--- Supplied information Enclosed Below ---
lemma lossy_steps_if_chain:
  assumes "length cs = length ls + 1"
    and "\<forall>i < length ls. lossy_step M Delta (cs ! i) (ls ! i) (cs ! Suc i)"
  shows "lossy_steps M Delta (cs ! 0) ls (last cs)"
  using assms
proof (induction ls arbitrary: cs)
  case Nil
  then obtain c where "cs = [c]" by (auto simp: length_Suc_conv)
  then show ?case by (simp add: lossy_steps.Nil)
next
  case (Cons l ls)
  then obtain c cs1 where cs: "cs = c # cs1" and len: "length cs1 = length ls + 1"
    by (cases cs) auto
  have "\<forall>i < length ls. lossy_step M Delta (cs1 ! i) (ls ! i) (cs1 ! Suc i)"
    using Cons.prems(2) cs by auto
  with Cons.IH len have "lossy_steps M Delta (cs1 ! 0) ls (last cs1)" by blast
  moreover have "lossy_step M Delta c l (cs1 ! 0)"
    using Cons.prems(2)[rule_format, of 0] cs by simp
  ultimately show ?case using cs len by (auto intro: lossy_steps.Cons)
qed

lemma chain_if_lossy_steps:
  "lossy_steps M Delta c ls c' \<Longrightarrow>
   \<exists>cs. length cs = length ls + 1 \<and> cs ! 0 = c \<and> last cs = c' \<and>
     (\<forall>i < length ls. lossy_step M Delta (cs ! i) (ls ! i) (cs ! Suc i))"
proof (induction rule: lossy_steps.induct)
  case (Nil c)
  show ?case by (intro exI[of _ "[c]"]) auto
next
  case (Cons c l c1 ls c2)
  then obtain cs where cs: "length cs = length ls + 1" "cs ! 0 = c1" "last cs = c2"
     "\<forall>i < length ls. lossy_step M Delta (cs ! i) (ls ! i) (cs ! Suc i)" by blast
  show ?case
  proof (intro exI[of _ "c # cs"] conjI allI impI)
    fix i assume "i < length (l # ls)"
    then show "lossy_step M Delta ((c # cs) ! i) ((l # ls) ! i) ((c # cs) ! Suc i)"
      using cs Cons.hyps(1) by (cases i) auto
  qed (use cs in auto)
qed

lemma lossy_execution_imp_lossy_steps:
  "lossy_execution Q I M Delta cs ls \<Longrightarrow> lossy_steps M Delta (cs ! 0) ls (last cs)"
  unfolding lossy_execution_def by (blast intro: lossy_steps_if_chain)

lemma lossy_steps_imp_lossy_execution:
  "initial_config Q I c \<Longrightarrow> lossy_steps M Delta c ls c' \<Longrightarrow>
   \<exists>cs. lossy_execution Q I M Delta cs ls \<and> last cs = c'"
  unfolding lossy_execution_def by (metis chain_if_lossy_steps)

lemma lossy_step_keeps_graph:
  "lossy_step M Delta (V, E, L) l c' \<Longrightarrow> \<exists>L'. c' = (V, E, L')"
  by (cases c') (auto simp: lossy_step_def split: prod.splits)

lemma lossy_steps_keep_graph:
  "lossy_steps M Delta c ls c' \<Longrightarrow> fst c' = fst c \<and> fst (snd c') = fst (snd c)"
  by (induction rule: lossy_steps.induct) (auto simp: lossy_step_def split: prod.splits)

text \<open>The clone is \<open>None\<close>, the original nodes are \<open>Some v\<close>. The cloned configuration
  is the pullback of the configuration along the map sending the clone to \<open>w\<close>.\<close>

definition clone_origin :: "'v \<Rightarrow> 'v option \<Rightarrow> 'v" where
  "clone_origin w = case_option w id"

definition clone_config :: "'v \<Rightarrow> ('v, 'q) config \<Rightarrow> ('v option, 'q) config" where
  "clone_config w c = (case c of (V, E, L) \<Rightarrow>
     (insert None (Some ` V), {(x, y). (clone_origin w x, clone_origin w y) \<in> E},
      L \<circ> clone_origin w))"

fun clone_label :: "'v \<Rightarrow> ('v, 'm) step_label \<Rightarrow> ('v option, 'm) step_label list" where
  "clone_label w (v, m, lost) =
     (Some v, m, lost) # (if v = w then [(None, m, True)] else [])"

definition clone_labels ::
  "'v \<Rightarrow> ('v, 'm) step_label list \<Rightarrow> ('v option, 'm) step_label list" where
  "clone_labels w ls = concat (map (clone_label w) ls)"

lemma num_broadcasts_clone_labels:
  "num_broadcasts None (clone_labels w ls) = num_broadcasts w ls"
  by (induction ls) (auto simp: clone_labels_def num_broadcasts_def)

lemma num_successful_broadcasts_clone_labels:
  "num_successful_broadcasts None (clone_labels w ls) = 0"
  by (induction ls) (auto simp: clone_labels_def num_successful_broadcasts_def)

lemma initial_config_clone:
  assumes "initial_config Q I (V, E, L)" and "w \<in> V"
  shows "initial_config Q I (clone_config w (V, E, L))"
proof -
  define V' where "V' = insert None (Some ` V)"
  define E' where "E' = {(x, y). (clone_origin w x, clone_origin w y) \<in> E}"
  have V: "finite V" "L ` V \<subseteq> I" "L ` V \<subseteq> Q"
    and E: "E \<subseteq> V \<times> V" "sym E" "irrefl E"
    using assms(1) by (auto simp: initial_config_def is_config_def)
  have nodes: "x \<in> V' \<longleftrightarrow> clone_origin w x \<in> V" for x
    using assms(2) by (cases x) (auto simp: V'_def clone_origin_def)
  have "finite V'" using V(1) by (simp add: V'_def)
  moreover have "E' \<subseteq> V' \<times> V'" using E(1) nodes by (auto simp: E'_def)
  moreover have "sym E'" "irrefl E'" using E(2,3) by (auto simp: E'_def sym_def irrefl_def)
  moreover have "clone_origin w ` V' = V"
    using assms(2) by (force simp: V'_def clone_origin_def)
  then have "(L \<circ> clone_origin w) ` V' = L ` V" by (metis image_comp)
  moreover have "clone_config w (V, E, L) = (V', E', L \<circ> clone_origin w)"
    by (simp add: clone_config_def V'_def E'_def)
  ultimately show ?thesis
    using V by (simp add: initial_config_def is_config_def)
qed

lemma lossy_step_clone_other:
  assumes "lossy_step M Delta (V, E, L) (v, m, lost) (V, E, L')" and "v \<noteq> w" and "w \<in> V"
  shows "lossy_step M Delta (clone_config w (V, E, L)) (Some v, m, lost)
           (clone_config w (V, E, L'))"
  using assms
  by (auto simp: lossy_step_def clone_config_def clone_origin_def split: option.splits if_splits)
(* Let $n\ge1$, let $L_1,\dots,L_N$ be complex $n\times n$ matrices, let $\pi_1,\dots,\pi_n$ be mutually orthogonal rank-one orthogonal projectors on $\mathbb{C}^n$, let $w_{jk}:=\sum_{\alpha=1}^N \mathrm{Tr}(\pi_j L_\alpha\pi_k L_\alpha^\dagger)$ for $j\neq k$, and let $\Omega$ be the matrix with $\Omega_{jk}=w_{jk}$ ($j\ne k$) and $\Omega_{kk}=-\sum_{l\ne k}w_{lk}$. Let $N_1,\dots,N_{n_B}$ be the vertex sets of the basins of $G_\Omega$, $N_B=\bigcup_\eta N_\eta$, and let $G'_\Omega$ be the graph obtained from $G_\Omega$ by removing every edge whose two endpoints lie in the same basin. Then the kernel of $\Omega^T$ is spanned by the linearly independent vectors $$\kappa'_\eta := \Big(\sum_{\tau\in T_B(G'_\Omega)} W(\tau)\Big)\sum_{j\in N_\eta} e_j + \sum_{l\notin N_B}\ \sum_{\tau\in T_B(G'_\Omega,\eta,l)} W(\tau)\, e_l,\qquad \eta=1,\dots,n_B.$$
   Context: $G_\Omega$ is the directed graph on $\{1,\dots,n\}$ with a directed edge from $k$ to $j$ of weight $w_{jk}$ for each $j\ne k$ with $w_{jk}\ne0$. A basin is a strongly connected component with no edge leaving it. $e_j$ is the $j$-th standard basis vector. For a digraph $G$ on $\{1,\dots,n\}$, $T_B(G)$ is the set of spanning forests of $G$ whose set of roots is exactly $N_B$: subgraphs containing all $n$ vertices, with no directed cycles, in which every vertex of $N_B$ has no outgoing edge and every vertex outside $N_B$ has exactly one outgoing edge. $T_B(G,\eta,l)$ is the set of forests in $T_B(G)$ in which vertex $l$ lies in a tree rooted at a vertex of $N_\eta$. $W(\tau)$ is the product of the edge weights of $\tau$, with $W(\tau)=1$ if $\tau$ has no edges. *)

theory Defs
  imports "HOL-Analysis.Analysis"
begin

definition cnj_transpose :: "complex^'n^'m \<Rightarrow> complex^'m^'n" where
  "cnj_transpose A = (\<chi> i j. cnj (A $ j $ i))"

definition rank_one_orth_proj :: "complex^'n^'n \<Rightarrow> bool" where
  "rank_one_orth_proj P \<longleftrightarrow> P ** P = P \<and> cnj_transpose P = P \<and> rank P = 1"

text \<open>Weighted digraph on the vertex type 'n given by a weight function wt,
  where wt j k is the weight of the edge from k to j (present iff j \<noteq> k and wt j k \<noteq> 0).\<close>
definition wedges :: "('n \<Rightarrow> 'n \<Rightarrow> complex) \<Rightarrow> ('n \<times> 'n) set" where
  "wedges wt = {(k, j). j \<noteq> k \<and> wt j k \<noteq> 0}"

definition strongly_connected_component :: "('n \<times> 'n) set \<Rightarrow> 'n set \<Rightarrow> bool" where
  "strongly_connected_component E C \<longleftrightarrow>
     C \<noteq> {} \<and> (\<forall>x\<in>C. \<forall>y\<in>C. (x, y) \<in> E\<^sup>*) \<and>
     (\<forall>x\<in>C. \<forall>y. (x, y) \<in> E\<^sup>* \<and> (y, x) \<in> E\<^sup>* \<longrightarrow> y \<in> C)"

definition is_basin :: "('n \<times> 'n) set \<Rightarrow> 'n set \<Rightarrow> bool" where
  "is_basin E C \<longleftrightarrow> strongly_connected_component E C \<and> (\<forall>x\<in>C. \<forall>y. (x, y) \<in> E \<longrightarrow> y \<in> C)"

definition basins :: "('n \<times> 'n) set \<Rightarrow> 'n set set" where
  "basins E = {C. is_basin E C}"

definition remove_basin_edges :: "('n \<Rightarrow> 'n \<Rightarrow> complex) \<Rightarrow> ('n \<Rightarrow> 'n \<Rightarrow> complex)" where
  "remove_basin_edges wt = (\<lambda>j k. if \<exists>C\<in>basins (wedges wt). j \<in> C \<and> k \<in> C then 0 else wt j k)"

definition spanning_forests :: "('n \<times> 'n) set \<Rightarrow> 'n set \<Rightarrow> ('n \<times> 'n) set set" where
  "spanning_forests E R = {F. F \<subseteq> E \<and> acyclic F \<and>
      (\<forall>x\<in>R. \<forall>y. (x, y) \<notin> F) \<and> (\<forall>x. x \<notin> R \<longrightarrow> (\<exists>!y. (x, y) \<in> F))}"
(* Consider a fixed time interval $[0,T]$ divided into $L$ time steps, so that the CFL number $\mu=\mu(L)$ is proportional to the step size $T/L$ and hence $\mu(L)\to0$ as $L\to\infty$. Let $\mathbf{T}^{(L)}(\mu)=\mathbf{T}_S(\mu)\,\mathbf{T}_{\mathrm{CGC}}(\mu)$ be the PFASST iteration matrix for $L$ time steps (as defined in the context) with $\mu=\mu(L)$. Then $$\rho\Big(\lim_{L\to\infty}\mathbf{T}^{(L)}(\mu(L))\Big)\ge1.$$
   Context: Fix positive integers $M$ (collocation nodes), $N$ (spatial degrees of freedom), and coarse sizes $\tilde M\le M$, $\tilde N<N$ (coarsening in space). $\mathbf{Q}=(q_{m,j})\in\mathbb{R}^{M\times M}$ with $q_{m,j}=\int_0^{\tau_m}\ell_j(s)\,ds$ is the collocation matrix for the (right) Gauss–Radau nodes $0<\tau_1<\dots<\tau_M=1$ on $[0,1]$; $\mathbf{Q}_\Delta$, $\tilde{\mathbf{Q}}_\Delta$ are lower-triangular weight matrices of simpler quadrature rules on the fine and coarse nodes. $\mathbf{A}\in\mathbb{C}^{N\times N}$, $\tilde{\mathbf{A}}\in\mathbb{C}^{\tilde N\times\tilde N}$. $\mathbf{N}_M$, $\tilde{\mathbf{N}}_{\tilde M}$ are the $M\times M$, $\tilde M\times\tilde M$ matrices with ones in the last column and zeros elsewhere; $\mathbf{H}=\mathbf{N}_M\otimes\mathbf{I}_N$, $\tilde{\mathbf{H}}=\tilde{\mathbf{N}}_{\tilde M}\otimes\mathbf{I}_{\tilde N}$; $\mathbf{E}\in\mathbb{R}^{L\times L}$ has ones on the first subdiagonal and zeros elsewhere. $\mathbf{C}=\mathbf{I}_{LMN}-\mu\,\mathbf{I}_L\otimes\mathbf{Q}\otimes\mathbf{A}-\mathbf{E}\otimes\mathbf{H}$, $\hat{\mathbf{P}}=\mathbf{I}_{LMN}-\mu\,\mathbf{I}_L\otimes\mathbf{Q}_\Delta\otimes\mathbf{A}$, $\tilde{\mathbf{P}}=\mathbf{I}_{L\tilde M\tilde N}-\mu\,\mathbf{I}_L\otimes\tilde{\mathbf{Q}}_\Delta\otimes\tilde{\mathbf{A}}-\mathbf{E}\otimes\tilde{\mathbf{H}}$ (both invertible). Restriction $\mathbf{T}_F^C=\mathbf{I}_L\otimes\mathbf{T}_{F,Q}^C\otimes\mathbf{T}_{F,A}^C$ and interpolation $\mathbf{T}_C^F=\mathbf{I}_L\otimes\mathbf{T}_{C,Q}^F\otimes\mathbf{T}_{C,A}^F$ (standard Lagrangian transfer on the nodes and in space, $\mathbf{T}_{F,A}^C\in\mathbb{R}^{\tilde N\times N}$, $\mathbf{T}_{C,A}^F\in\mathbb{R}^{N\times\tilde N}$), with $(\mathbf{E}\otimes\tilde{\mathbf{H}})\mathbf{T}_F^C=\mathbf{T}_F^C(\mathbf{E}\otimes\mathbf{H})$. $\mathbf{T}_S(\mu)=\mathbf{I}_{LMN}-\hat{\mathbf{P}}^{-1}\mathbf{C}$, $\mathbf{T}_{\mathrm{CGC}}(\mu)=\mathbf{I}_{LMN}-\mathbf{T}_C^F\tilde{\mathbf{P}}^{-1}\mathbf{T}_F^C\mathbf{C}$. The limit $L\to\infty$ of these block matrices of growing size is understood as an infinite block Toeplitz operator in the sense of Bolten–Rittich: for an infinite block Toeplitz matrix with matrix-valued generating symbol $\hat{\mathbf{T}}(x)$, $x\in[-\pi,\pi]$, its spectral radius is $\operatorname{ess\,sup}_{x\in[-\pi,\pi]}\rho(\hat{\mathbf{T}}(x))$; $\rho$ denotes the spectral radius. *)

theory Defs
  imports "HOL-Probability.Essential_Supremum" "Jordan_Normal_Form.Spectral_Radius"
begin

definition kron :: "'a::times mat \<Rightarrow> 'a mat \<Rightarrow> 'a mat" where
  "kron A B = mat (dim_row A * dim_row B) (dim_col A * dim_col B)
     (\<lambda>(i,j). A $$ (i div dim_row B, j div dim_col B) * B $$ (i mod dim_row B, j mod dim_col B))"

definition cmat :: "real mat \<Rightarrow> complex mat" where
  "cmat A = map_mat complex_of_real A"

definition minv :: "complex mat \<Rightarrow> complex mat" where
  "minv A = (SOME B. B \<in> carrier_mat (dim_row A) (dim_row A) \<and> A * B = 1\<^sub>m (dim_row A) \<and> B * A = 1\<^sub>m (dim_row A))"
lemma lin_op_xop:
  assumes "a \<noteq> b"
  shows "lin_op (xop \<beta> \<alpha> a b)"
  unfolding lin_op_def
proof (intro conjI allI)
  show "xop \<beta> \<alpha> a b (X + Y) = xop \<beta> \<alpha> a b X + xop \<beta> \<alpha> a b Y" for X Y
    using assms by (simp add: xop_def divdiff_add distrib_left)
  show "xop \<beta> \<alpha> a b (constT c * X) = constT c * xop \<beta> \<alpha> a b X" for c X
    using assms by (simp add: xop_def divdiff_mult_fixed tsubst_constT distrib_left mult.left_commute)
qed

definition commute :: "('b \<Rightarrow> 'b) \<Rightarrow> ('b \<Rightarrow> 'b) \<Rightarrow> bool" where
  "commute f g \<longleftrightarrow> (\<forall>X. f (g X) = g (f X))"

lemma commute_self: "commute f f"
  by (simp add: commute_def)

lemma commute_funpow: "commute f g \<Longrightarrow> commute f (g ^^ n)"
  by (induction n) (simp_all add: commute_def)

lemma commute_xop:
  "a \<noteq> b \<Longrightarrow> c \<noteq> d \<Longrightarrow> a \<noteq> d \<Longrightarrow> c \<noteq> b \<Longrightarrow> commute (xop \<beta> \<alpha> a b) (xop \<beta> \<alpha> c d)"
  unfolding commute_def by (blast intro: xop_commute)

fun comp_list :: "('b \<Rightarrow> 'b) list \<Rightarrow> 'b \<Rightarrow> 'b" where
  "comp_list [] x = x"
| "comp_list (f # fs) x = f (comp_list fs x)"
(* If $f\in\mathrm{BV}^1$ then for every $n\ge1$, \[ n\,\|B_n(f)-f\|_\infty\le \frac{T_{f'}[-1,1]}{2}+\max\{\|O(f)\|_\infty,\|E(f)\|_\infty\}, \] where $T_{f'}[-1,1]$ is the total variation of $f'$ on $[-1,1]$.
   Context: Nodes: $x_{k,n}:=2k/n-1$, $k=0,\dots,n$. $B_n(f,x):=N_n(f,x)/D_n(x)$ for $x$ not a node, $B_n(f,x_{k,n}):=f(x_{k,n})$, where $N_n(f,x)=\sum_{k=0}^n(-1)^k\frac{f(x_{k,n})}{x-x_{k,n}}$ and $D_n(x)=\sum_{k=0}^n(-1)^k\frac{1}{x-x_{k,n}}$. $\mathrm{BV}^1$: functions $f:[-1,1]\to\mathbb{R}$ differentiable at every point of $[-1,1]$ (one-sided at $\pm1$) whose derivative $f'$ has bounded variation on $[-1,1]$. For $x\in(-1,1)$, $O(f,x):=\frac{f(x)-f(1)}{2(x-1)}-\frac{f(x)-f(-1)}{2(x+1)}$ and $E(f,x):=\frac{f(1)-f(x)}{2(x-1)}+\frac{f(-1)-f(x)}{2(x+1)}$; $\|O(f)\|_\infty,\|E(f)\|_\infty$ are suprema over $x\in(-1,1)$, and $\|B_n(f)-f\|_\infty=\sup_{x\in[-1,1]}|B_n(f,x)-f(x)|$. *)

theory Defs
  imports "HOL-Analysis.Analysis"
begin

definition node :: "nat \<Rightarrow> nat \<Rightarrow> real" where
  "node n k = 2 * real k / real n - 1"

definition Bnum :: "nat \<Rightarrow> (real \<Rightarrow> real) \<Rightarrow> real \<Rightarrow> real" where
  "Bnum n f x = (\<Sum>k\<le>n. (-1) ^ k * f (node n k) / (x - node n k))"

definition Bden :: "nat \<Rightarrow> real \<Rightarrow> real" where
  "Bden n x = (\<Sum>k\<le>n. (-1) ^ k / (x - node n k))"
--- End of Enclosed Supplied information ---
If a line above holds the string "cases", copy it out.

    by (cases cs) auto
      using cs Cons.hyps(1) by (cases i) auto
  by (cases c') (auto simp: lossy_step_def split: prod.splits)
    using assms(2) by (cases x) (auto simp: V'_def clone_origin_def)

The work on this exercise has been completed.